*THE PROBLEM*: Which of the lines in the data below contain the string "lemma"? Copy each of them.

*DATA SHOWN*:
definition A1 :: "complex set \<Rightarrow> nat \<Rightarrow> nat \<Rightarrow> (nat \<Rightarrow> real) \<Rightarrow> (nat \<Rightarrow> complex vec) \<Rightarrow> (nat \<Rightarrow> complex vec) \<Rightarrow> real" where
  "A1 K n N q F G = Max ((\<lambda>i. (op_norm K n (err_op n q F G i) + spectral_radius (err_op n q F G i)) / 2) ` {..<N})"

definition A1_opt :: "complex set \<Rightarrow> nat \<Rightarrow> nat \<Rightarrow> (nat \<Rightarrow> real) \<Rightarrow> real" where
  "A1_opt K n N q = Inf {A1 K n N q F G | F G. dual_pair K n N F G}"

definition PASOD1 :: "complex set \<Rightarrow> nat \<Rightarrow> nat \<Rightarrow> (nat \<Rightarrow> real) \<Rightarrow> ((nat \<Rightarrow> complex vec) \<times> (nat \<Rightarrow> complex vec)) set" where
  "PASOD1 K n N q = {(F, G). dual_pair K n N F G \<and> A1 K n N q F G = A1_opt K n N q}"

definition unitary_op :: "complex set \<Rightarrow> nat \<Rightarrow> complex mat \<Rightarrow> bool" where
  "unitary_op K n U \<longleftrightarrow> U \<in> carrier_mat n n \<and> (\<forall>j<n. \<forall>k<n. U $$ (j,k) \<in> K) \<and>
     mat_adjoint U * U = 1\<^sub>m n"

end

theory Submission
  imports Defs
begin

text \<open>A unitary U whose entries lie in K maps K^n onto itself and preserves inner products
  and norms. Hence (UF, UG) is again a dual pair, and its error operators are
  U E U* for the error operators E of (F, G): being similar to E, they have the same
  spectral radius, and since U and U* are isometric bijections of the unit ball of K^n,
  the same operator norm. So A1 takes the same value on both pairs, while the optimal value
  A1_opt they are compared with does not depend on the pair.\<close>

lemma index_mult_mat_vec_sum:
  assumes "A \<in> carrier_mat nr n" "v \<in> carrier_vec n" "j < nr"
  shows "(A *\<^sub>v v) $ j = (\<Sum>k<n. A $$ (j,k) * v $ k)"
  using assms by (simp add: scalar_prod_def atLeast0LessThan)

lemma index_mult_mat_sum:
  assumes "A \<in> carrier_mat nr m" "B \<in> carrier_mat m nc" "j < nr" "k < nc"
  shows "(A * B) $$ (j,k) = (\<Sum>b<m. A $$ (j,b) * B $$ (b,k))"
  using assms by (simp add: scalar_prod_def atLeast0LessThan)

...

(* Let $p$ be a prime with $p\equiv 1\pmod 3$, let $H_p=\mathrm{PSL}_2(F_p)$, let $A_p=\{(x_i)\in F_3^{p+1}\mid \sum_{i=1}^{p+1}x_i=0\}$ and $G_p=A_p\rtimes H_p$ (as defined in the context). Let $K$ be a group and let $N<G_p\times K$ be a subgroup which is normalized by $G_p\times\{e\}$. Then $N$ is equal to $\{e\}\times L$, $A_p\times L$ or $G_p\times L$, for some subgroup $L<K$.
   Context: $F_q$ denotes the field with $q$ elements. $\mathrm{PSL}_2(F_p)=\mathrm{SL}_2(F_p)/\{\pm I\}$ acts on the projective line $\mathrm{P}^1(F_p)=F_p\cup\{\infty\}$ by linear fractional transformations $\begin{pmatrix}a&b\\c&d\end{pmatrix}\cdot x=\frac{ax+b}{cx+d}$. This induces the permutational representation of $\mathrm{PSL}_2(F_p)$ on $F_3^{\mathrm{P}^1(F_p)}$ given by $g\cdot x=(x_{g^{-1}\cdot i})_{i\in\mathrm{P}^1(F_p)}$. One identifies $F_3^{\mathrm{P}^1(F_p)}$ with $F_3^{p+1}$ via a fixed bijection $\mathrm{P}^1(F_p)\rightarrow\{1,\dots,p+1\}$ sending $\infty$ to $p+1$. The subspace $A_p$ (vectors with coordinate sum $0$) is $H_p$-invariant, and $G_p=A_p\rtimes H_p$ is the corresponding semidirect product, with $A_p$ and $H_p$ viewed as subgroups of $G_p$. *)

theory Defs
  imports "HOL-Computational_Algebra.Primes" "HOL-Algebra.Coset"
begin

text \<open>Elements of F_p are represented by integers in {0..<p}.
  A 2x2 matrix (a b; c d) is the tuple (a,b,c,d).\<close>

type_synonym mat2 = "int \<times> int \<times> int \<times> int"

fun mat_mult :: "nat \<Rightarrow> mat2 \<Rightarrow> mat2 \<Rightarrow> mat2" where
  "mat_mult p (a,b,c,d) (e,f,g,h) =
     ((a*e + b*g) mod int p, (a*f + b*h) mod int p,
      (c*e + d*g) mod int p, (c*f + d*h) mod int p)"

*RESPONSE TO THE TASK*:
lemma index_mult_mat_vec_sum:
lemma index_mult_mat_sum:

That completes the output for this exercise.